WORK ITEM
Among the entries below, which lines include the string "lemma"? Show each one.

==================================================

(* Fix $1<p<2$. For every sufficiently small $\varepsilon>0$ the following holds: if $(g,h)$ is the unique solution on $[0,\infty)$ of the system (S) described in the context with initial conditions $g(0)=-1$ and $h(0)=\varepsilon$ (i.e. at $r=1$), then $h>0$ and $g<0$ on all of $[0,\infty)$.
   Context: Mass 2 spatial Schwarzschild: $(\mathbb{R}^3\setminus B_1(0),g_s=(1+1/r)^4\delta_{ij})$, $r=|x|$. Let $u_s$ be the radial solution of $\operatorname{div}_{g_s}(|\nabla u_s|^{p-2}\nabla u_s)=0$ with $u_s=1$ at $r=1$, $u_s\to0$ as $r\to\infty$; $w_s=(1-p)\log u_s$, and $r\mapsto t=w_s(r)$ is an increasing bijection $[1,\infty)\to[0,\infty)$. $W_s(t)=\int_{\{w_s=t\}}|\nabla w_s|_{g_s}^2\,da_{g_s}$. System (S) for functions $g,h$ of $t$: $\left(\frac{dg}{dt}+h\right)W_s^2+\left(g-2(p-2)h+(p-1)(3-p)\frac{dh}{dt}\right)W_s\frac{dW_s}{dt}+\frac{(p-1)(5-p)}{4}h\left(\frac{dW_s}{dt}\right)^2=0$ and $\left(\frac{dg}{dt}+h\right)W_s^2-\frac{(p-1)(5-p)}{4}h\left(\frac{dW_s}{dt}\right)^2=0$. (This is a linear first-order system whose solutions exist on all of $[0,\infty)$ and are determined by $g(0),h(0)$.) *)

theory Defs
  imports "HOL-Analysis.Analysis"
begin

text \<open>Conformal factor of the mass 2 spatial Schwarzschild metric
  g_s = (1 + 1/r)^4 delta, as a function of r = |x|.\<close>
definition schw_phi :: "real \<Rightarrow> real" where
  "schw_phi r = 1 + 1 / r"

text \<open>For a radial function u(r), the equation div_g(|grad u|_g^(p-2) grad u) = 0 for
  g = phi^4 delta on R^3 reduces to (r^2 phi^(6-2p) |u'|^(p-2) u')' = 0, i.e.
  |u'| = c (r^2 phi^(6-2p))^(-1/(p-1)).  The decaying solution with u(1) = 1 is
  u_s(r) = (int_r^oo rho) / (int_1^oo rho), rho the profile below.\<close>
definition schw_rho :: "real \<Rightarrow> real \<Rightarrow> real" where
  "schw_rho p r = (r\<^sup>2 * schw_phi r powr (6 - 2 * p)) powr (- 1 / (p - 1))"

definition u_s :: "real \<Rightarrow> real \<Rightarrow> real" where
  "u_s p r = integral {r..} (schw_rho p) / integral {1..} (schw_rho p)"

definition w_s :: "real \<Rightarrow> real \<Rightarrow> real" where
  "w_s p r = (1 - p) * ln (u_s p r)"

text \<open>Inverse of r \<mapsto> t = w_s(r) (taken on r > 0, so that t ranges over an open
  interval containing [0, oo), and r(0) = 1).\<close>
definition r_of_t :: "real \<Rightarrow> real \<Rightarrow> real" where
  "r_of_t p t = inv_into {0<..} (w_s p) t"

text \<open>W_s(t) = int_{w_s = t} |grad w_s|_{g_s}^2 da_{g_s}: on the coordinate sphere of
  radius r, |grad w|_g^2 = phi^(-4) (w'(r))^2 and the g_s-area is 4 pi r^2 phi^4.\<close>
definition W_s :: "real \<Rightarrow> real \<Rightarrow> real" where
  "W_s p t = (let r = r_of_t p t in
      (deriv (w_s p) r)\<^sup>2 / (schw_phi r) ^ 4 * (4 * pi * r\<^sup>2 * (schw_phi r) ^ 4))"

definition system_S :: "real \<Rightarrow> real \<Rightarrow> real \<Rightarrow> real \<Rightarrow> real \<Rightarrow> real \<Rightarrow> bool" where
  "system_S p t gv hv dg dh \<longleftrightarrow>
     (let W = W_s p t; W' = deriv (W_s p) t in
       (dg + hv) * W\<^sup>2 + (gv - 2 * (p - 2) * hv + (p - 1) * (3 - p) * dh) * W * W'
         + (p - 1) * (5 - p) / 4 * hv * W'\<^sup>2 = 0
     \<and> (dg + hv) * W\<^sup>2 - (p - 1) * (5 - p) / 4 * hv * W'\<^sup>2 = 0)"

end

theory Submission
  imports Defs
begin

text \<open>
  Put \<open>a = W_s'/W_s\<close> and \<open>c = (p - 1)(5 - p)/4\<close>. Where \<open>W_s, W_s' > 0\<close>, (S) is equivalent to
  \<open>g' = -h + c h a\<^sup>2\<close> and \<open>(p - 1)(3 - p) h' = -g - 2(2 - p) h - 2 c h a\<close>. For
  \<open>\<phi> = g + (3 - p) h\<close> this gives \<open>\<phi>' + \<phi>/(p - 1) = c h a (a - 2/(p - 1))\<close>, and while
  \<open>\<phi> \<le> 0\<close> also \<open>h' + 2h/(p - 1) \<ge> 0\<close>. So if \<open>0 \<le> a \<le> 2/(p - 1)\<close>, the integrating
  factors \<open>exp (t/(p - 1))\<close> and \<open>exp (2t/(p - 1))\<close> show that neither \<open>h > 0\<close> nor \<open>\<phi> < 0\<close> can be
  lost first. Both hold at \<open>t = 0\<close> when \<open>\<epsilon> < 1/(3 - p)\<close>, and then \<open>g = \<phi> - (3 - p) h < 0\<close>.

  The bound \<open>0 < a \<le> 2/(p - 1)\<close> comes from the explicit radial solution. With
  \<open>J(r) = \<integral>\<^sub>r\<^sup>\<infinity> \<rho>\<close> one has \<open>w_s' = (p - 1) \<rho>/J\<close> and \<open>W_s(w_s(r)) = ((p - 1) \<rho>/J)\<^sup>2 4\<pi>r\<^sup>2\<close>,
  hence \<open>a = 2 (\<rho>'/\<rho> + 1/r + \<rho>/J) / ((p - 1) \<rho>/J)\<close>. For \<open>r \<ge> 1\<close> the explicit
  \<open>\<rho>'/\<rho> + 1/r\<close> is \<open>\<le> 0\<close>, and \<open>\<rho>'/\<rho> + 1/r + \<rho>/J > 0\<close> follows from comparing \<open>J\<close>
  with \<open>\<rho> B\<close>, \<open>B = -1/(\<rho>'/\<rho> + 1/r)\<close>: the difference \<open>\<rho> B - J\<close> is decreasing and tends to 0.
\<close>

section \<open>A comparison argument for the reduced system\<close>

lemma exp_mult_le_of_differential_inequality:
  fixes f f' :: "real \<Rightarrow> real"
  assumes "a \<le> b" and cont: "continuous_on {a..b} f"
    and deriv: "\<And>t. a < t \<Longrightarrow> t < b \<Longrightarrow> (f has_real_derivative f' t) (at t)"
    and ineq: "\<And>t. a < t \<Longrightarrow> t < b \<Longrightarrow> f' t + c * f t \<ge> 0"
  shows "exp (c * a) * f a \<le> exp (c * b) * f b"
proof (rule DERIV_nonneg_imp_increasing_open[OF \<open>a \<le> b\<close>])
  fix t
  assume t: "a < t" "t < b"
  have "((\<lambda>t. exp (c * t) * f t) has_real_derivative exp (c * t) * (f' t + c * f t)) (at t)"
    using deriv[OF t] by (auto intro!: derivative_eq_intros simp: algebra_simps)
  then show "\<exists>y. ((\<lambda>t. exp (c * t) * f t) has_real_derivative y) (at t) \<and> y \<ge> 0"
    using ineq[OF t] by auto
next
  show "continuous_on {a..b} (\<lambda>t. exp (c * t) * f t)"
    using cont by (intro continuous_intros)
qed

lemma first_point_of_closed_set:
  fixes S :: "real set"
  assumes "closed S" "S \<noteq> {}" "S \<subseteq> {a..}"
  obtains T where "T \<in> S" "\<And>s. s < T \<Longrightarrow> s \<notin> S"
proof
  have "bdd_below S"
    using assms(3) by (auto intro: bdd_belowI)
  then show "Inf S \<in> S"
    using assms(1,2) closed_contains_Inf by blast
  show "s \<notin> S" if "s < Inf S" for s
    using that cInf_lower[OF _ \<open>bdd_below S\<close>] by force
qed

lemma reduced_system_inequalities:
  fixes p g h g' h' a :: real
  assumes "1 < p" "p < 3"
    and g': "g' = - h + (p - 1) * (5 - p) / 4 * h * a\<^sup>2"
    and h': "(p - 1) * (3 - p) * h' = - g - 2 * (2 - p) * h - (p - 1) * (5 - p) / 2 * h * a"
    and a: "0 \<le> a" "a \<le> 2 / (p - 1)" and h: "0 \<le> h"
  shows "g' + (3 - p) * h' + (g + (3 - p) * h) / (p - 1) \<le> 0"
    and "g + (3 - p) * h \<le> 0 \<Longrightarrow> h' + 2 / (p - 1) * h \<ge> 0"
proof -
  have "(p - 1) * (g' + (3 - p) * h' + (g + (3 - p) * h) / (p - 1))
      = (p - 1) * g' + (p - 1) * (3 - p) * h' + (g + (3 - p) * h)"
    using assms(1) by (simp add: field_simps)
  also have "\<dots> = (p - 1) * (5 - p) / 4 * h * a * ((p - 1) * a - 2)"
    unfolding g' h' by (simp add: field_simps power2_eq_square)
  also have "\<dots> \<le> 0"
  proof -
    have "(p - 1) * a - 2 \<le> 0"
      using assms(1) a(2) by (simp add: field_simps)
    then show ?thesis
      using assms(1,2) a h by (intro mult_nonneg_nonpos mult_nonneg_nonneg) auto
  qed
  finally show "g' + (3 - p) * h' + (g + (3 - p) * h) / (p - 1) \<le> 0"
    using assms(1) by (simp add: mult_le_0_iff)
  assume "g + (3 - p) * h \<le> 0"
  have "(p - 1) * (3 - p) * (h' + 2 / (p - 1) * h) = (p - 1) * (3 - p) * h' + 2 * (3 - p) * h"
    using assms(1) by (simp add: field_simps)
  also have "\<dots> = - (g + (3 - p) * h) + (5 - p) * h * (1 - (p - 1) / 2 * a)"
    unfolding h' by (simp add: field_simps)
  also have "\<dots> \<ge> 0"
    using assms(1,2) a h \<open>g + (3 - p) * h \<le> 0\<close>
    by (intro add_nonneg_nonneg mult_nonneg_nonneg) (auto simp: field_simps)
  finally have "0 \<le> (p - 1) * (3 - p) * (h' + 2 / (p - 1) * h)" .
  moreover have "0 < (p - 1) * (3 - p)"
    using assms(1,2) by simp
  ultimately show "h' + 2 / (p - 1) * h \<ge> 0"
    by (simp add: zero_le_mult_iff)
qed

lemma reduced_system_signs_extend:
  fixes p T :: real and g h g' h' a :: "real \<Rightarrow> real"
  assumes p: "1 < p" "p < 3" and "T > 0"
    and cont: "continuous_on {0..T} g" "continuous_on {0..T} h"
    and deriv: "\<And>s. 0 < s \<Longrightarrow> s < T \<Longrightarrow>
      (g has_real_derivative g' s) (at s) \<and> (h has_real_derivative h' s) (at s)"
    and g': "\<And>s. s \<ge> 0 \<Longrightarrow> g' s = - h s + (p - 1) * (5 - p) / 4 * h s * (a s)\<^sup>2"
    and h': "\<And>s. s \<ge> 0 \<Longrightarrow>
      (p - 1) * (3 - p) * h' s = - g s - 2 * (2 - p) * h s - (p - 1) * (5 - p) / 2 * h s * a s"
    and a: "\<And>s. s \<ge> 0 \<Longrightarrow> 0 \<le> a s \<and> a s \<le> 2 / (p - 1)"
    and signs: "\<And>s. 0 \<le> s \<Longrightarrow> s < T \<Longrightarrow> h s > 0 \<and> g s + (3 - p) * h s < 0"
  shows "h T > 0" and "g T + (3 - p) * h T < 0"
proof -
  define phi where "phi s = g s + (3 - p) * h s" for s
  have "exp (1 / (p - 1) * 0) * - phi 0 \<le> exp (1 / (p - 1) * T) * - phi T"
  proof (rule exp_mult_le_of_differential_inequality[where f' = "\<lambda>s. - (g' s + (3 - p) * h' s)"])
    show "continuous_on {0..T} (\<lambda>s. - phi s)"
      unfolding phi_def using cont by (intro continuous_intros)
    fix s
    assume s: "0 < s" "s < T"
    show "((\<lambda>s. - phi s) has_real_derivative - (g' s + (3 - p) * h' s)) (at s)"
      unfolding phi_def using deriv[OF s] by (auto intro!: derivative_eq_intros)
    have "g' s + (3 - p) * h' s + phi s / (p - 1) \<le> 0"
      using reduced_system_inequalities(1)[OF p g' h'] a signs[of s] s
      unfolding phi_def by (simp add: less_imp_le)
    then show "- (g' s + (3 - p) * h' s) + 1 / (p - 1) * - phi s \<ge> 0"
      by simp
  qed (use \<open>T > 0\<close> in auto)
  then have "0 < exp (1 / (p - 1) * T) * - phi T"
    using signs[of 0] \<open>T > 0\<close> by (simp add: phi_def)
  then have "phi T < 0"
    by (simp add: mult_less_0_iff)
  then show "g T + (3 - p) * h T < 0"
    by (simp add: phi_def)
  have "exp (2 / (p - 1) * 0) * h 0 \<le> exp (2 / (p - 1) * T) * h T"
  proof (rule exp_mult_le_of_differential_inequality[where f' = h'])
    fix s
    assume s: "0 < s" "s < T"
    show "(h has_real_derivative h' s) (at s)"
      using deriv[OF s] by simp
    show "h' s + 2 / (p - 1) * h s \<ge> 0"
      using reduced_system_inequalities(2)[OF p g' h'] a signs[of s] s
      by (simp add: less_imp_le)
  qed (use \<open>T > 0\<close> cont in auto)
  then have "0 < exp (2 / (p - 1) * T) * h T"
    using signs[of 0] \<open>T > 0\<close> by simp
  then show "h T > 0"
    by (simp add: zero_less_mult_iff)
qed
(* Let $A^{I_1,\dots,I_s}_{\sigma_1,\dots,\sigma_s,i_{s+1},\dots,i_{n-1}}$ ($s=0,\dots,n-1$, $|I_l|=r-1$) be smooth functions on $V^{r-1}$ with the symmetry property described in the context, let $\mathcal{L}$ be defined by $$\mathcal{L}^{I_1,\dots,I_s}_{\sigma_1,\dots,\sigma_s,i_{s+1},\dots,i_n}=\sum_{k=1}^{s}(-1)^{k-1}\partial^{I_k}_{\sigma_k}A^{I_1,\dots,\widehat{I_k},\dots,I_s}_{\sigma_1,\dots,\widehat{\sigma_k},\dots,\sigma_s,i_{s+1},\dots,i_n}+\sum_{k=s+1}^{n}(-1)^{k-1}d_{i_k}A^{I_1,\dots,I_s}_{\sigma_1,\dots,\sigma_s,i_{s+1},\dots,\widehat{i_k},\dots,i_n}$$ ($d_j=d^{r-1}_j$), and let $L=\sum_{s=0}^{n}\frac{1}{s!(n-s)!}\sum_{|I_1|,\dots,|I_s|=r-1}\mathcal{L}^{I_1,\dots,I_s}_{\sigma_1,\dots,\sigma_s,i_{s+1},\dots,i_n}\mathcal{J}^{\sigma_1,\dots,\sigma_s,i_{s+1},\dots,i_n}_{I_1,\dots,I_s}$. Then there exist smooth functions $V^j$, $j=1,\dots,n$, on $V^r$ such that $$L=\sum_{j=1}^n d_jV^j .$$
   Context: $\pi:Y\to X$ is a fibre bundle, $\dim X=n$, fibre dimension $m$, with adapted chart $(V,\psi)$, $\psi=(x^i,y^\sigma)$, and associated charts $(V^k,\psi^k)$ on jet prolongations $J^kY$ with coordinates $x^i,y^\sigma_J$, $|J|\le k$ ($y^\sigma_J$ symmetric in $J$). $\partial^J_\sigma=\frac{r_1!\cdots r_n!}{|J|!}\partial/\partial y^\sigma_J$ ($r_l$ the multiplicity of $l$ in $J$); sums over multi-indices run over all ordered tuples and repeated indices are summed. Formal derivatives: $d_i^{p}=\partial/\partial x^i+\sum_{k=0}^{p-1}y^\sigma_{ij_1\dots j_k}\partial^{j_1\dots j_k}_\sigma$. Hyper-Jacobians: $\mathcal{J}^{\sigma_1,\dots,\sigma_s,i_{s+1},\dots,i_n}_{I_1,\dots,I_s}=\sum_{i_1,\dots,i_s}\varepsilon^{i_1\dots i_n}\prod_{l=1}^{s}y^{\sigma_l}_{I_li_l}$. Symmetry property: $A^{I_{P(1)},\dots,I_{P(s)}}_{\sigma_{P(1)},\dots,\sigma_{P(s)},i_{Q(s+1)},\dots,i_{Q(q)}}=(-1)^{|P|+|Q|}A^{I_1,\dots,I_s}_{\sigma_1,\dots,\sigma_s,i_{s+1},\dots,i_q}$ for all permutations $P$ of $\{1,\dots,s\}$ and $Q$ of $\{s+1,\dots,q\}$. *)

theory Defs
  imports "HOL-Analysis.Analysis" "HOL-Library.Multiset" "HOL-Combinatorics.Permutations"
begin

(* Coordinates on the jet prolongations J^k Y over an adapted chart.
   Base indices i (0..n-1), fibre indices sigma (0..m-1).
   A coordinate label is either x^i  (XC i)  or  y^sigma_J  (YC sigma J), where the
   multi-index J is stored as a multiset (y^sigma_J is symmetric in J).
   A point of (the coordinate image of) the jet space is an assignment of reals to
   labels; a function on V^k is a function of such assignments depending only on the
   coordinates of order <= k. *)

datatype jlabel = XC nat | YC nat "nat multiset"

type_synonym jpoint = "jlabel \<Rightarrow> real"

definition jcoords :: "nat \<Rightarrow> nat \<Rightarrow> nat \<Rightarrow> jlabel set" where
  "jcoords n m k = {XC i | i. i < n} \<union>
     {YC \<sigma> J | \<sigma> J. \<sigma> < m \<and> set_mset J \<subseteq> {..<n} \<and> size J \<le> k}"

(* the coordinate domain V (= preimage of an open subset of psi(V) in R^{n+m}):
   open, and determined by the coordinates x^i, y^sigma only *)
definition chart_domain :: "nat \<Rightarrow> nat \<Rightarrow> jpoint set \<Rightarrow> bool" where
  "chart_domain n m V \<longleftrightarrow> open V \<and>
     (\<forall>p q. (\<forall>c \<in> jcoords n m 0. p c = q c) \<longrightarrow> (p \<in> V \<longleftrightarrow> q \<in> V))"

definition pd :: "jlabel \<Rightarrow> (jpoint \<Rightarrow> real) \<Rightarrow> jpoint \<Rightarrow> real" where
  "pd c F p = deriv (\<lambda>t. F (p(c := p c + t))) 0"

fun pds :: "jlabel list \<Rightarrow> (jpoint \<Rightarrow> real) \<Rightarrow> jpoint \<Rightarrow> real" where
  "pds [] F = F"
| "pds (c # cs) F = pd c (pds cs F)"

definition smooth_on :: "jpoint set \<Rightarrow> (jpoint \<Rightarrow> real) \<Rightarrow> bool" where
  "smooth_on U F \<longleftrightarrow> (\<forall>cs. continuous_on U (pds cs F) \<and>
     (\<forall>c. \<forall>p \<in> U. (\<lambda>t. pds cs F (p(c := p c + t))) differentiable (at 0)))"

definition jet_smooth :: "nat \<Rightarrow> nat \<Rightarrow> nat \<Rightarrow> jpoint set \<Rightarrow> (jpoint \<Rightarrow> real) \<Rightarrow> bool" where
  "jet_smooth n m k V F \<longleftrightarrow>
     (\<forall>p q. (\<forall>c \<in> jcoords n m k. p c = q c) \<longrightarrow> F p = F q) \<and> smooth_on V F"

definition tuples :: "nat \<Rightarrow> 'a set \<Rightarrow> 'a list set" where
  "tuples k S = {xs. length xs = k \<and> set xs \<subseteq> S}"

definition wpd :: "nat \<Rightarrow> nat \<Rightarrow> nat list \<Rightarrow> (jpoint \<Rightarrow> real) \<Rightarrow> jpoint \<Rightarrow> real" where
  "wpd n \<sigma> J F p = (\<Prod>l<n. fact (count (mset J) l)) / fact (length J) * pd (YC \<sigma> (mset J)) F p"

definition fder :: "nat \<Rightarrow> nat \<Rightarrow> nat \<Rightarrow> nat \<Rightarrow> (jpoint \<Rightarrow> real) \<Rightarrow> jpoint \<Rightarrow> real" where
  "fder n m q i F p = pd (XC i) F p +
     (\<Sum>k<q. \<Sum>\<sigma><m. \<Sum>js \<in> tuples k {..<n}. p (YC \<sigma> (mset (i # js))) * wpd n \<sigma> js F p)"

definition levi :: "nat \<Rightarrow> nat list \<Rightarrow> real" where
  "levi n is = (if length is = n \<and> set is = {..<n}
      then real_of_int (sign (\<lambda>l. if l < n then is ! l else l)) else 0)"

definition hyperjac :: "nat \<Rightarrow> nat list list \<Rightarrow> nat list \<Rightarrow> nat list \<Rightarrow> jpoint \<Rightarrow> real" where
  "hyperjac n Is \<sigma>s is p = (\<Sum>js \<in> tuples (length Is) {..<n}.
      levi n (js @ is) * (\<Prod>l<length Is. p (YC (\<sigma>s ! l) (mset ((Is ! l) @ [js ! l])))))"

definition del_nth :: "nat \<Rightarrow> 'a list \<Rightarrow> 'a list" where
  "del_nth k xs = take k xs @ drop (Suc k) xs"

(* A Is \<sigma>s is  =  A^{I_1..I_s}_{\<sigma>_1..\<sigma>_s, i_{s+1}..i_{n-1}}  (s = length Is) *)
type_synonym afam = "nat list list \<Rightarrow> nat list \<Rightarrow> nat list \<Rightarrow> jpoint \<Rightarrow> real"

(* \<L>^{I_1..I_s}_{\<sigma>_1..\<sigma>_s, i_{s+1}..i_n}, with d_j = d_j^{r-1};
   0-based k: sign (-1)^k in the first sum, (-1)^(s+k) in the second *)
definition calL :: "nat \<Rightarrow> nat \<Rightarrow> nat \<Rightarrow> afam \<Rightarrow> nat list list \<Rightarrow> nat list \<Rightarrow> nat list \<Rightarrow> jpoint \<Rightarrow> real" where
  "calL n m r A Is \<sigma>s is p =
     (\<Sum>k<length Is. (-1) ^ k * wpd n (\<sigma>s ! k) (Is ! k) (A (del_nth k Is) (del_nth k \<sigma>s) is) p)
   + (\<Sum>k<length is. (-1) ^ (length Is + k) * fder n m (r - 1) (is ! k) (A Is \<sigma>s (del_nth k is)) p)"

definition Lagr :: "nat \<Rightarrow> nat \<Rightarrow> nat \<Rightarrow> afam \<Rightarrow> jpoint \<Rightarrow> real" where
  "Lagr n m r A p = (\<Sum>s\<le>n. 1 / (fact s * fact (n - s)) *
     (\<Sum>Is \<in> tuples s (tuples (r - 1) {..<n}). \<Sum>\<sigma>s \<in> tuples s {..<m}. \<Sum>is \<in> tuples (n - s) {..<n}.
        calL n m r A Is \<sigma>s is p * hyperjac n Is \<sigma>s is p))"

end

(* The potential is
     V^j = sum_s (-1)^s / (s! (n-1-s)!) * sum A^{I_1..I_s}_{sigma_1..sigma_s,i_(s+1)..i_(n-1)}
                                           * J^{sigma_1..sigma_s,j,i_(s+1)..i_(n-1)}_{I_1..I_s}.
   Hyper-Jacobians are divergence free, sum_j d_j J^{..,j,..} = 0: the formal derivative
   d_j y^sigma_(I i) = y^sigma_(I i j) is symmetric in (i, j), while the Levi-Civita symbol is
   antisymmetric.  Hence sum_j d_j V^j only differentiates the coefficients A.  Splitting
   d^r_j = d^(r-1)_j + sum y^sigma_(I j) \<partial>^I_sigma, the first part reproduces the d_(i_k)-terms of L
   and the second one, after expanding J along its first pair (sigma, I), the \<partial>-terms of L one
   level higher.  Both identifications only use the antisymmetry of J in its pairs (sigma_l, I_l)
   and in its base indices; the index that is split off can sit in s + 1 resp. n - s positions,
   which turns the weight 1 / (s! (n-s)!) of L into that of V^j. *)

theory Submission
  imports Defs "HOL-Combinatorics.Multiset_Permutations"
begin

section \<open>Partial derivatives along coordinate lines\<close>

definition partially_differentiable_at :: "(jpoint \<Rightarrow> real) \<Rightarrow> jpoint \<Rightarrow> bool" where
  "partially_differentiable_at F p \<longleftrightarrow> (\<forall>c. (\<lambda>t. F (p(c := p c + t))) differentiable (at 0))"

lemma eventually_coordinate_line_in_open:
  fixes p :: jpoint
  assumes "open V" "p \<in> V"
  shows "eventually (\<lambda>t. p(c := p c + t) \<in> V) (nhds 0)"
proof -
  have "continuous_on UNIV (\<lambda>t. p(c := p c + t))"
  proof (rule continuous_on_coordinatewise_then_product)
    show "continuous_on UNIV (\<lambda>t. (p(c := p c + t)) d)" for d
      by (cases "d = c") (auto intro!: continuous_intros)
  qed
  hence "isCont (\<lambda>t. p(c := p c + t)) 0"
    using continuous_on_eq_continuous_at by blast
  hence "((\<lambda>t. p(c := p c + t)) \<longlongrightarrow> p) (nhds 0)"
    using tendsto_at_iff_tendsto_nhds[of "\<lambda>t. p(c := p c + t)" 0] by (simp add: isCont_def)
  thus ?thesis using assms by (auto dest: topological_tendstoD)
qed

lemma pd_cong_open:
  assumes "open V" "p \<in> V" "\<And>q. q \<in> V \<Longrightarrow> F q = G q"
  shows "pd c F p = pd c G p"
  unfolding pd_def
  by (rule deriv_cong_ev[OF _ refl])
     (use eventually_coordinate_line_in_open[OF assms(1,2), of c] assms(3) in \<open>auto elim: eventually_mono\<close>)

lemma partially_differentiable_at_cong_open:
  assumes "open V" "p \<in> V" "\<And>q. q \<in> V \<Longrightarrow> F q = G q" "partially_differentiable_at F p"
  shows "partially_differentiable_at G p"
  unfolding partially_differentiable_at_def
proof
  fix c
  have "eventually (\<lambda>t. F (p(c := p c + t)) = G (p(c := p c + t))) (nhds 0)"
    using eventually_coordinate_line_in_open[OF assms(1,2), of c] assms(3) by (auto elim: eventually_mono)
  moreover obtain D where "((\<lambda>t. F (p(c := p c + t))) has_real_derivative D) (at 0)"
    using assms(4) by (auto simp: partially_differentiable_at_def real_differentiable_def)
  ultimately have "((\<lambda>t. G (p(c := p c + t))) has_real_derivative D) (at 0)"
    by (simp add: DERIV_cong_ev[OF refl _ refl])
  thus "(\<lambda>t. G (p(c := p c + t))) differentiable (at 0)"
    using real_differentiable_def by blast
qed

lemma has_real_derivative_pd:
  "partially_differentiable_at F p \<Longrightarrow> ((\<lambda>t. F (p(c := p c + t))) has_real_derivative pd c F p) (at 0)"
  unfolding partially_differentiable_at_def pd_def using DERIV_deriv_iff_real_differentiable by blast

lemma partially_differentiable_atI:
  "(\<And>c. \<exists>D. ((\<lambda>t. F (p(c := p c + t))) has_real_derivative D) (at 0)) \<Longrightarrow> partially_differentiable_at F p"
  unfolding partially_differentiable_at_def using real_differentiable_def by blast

==================================================

SOLUTION TO THE PROBLEM
lemma exp_mult_le_of_differential_inequality:
lemma first_point_of_closed_set:
lemma reduced_system_inequalities:
lemma reduced_system_signs_extend:
lemma eventually_coordinate_line_in_open:
lemma pd_cong_open:
lemma partially_differentiable_at_cong_open:
lemma has_real_derivative_pd:
lemma partially_differentiable_atI:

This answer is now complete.